> _WHAT IS NEEDED_: Lift every line from the entries that includes the word "proof".

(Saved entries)
::::

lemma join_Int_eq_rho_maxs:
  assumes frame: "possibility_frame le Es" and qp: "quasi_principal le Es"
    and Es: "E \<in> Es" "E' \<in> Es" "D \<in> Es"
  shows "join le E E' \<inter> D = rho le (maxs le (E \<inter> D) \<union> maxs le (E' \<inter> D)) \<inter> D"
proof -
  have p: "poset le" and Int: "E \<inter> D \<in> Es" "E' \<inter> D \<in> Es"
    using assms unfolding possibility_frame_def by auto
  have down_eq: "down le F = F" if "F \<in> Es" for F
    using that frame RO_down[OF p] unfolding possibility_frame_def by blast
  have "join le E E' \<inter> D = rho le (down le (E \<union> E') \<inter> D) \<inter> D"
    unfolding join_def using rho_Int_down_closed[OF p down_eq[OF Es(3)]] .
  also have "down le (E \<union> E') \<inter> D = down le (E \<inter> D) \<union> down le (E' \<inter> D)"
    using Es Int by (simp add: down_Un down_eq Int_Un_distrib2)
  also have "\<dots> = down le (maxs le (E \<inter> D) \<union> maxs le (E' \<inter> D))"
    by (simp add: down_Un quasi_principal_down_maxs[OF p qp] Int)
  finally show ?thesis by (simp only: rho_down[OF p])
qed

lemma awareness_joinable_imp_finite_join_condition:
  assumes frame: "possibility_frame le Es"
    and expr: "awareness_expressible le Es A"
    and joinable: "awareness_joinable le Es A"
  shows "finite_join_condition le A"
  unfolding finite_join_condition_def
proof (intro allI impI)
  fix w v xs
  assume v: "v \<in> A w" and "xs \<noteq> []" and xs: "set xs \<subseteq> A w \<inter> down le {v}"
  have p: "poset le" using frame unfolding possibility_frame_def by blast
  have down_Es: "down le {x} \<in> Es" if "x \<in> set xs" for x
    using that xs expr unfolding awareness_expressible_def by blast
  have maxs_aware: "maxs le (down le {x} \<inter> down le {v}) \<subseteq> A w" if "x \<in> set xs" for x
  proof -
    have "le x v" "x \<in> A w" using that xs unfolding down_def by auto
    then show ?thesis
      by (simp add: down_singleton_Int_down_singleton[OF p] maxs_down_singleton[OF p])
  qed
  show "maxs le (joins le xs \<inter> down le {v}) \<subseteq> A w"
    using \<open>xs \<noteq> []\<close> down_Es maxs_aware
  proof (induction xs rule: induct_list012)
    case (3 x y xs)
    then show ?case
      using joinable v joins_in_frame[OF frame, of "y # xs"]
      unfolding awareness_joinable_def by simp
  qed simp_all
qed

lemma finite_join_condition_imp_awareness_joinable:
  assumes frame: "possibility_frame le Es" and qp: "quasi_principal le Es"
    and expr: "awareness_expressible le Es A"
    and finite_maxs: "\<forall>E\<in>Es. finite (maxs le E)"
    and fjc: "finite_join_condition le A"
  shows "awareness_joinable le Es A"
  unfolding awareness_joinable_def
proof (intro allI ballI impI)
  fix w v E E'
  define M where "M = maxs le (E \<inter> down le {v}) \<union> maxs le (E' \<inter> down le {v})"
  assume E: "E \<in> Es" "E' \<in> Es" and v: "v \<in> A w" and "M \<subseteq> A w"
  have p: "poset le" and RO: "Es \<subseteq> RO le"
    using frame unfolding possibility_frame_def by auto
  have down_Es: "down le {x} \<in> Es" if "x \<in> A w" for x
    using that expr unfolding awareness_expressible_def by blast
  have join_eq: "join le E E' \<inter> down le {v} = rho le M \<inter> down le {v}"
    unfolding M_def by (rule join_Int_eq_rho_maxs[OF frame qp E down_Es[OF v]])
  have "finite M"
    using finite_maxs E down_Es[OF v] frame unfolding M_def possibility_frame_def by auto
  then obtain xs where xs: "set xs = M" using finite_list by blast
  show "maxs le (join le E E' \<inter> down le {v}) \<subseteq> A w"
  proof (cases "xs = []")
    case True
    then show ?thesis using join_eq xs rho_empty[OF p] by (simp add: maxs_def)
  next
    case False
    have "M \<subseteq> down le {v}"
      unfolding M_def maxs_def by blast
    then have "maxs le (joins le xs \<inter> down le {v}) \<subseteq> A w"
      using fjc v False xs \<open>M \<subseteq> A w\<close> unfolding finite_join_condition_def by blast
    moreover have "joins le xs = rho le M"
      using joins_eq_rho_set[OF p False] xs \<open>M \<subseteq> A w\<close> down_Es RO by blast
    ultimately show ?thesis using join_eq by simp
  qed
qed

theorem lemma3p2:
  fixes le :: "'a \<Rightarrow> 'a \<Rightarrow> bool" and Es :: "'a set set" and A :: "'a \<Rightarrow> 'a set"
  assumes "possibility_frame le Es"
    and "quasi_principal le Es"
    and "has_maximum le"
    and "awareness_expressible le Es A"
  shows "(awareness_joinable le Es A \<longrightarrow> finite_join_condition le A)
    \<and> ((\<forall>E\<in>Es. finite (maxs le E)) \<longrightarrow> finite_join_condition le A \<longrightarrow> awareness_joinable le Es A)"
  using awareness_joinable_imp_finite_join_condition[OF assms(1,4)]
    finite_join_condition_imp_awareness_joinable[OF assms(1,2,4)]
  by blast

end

::::

> _RESULT OF THIS EXERCISE_:
proof -
proof (intro allI impI)
  proof -
  proof (induction xs rule: induct_list012)
proof (intro allI ballI impI)
  proof (cases "xs = []")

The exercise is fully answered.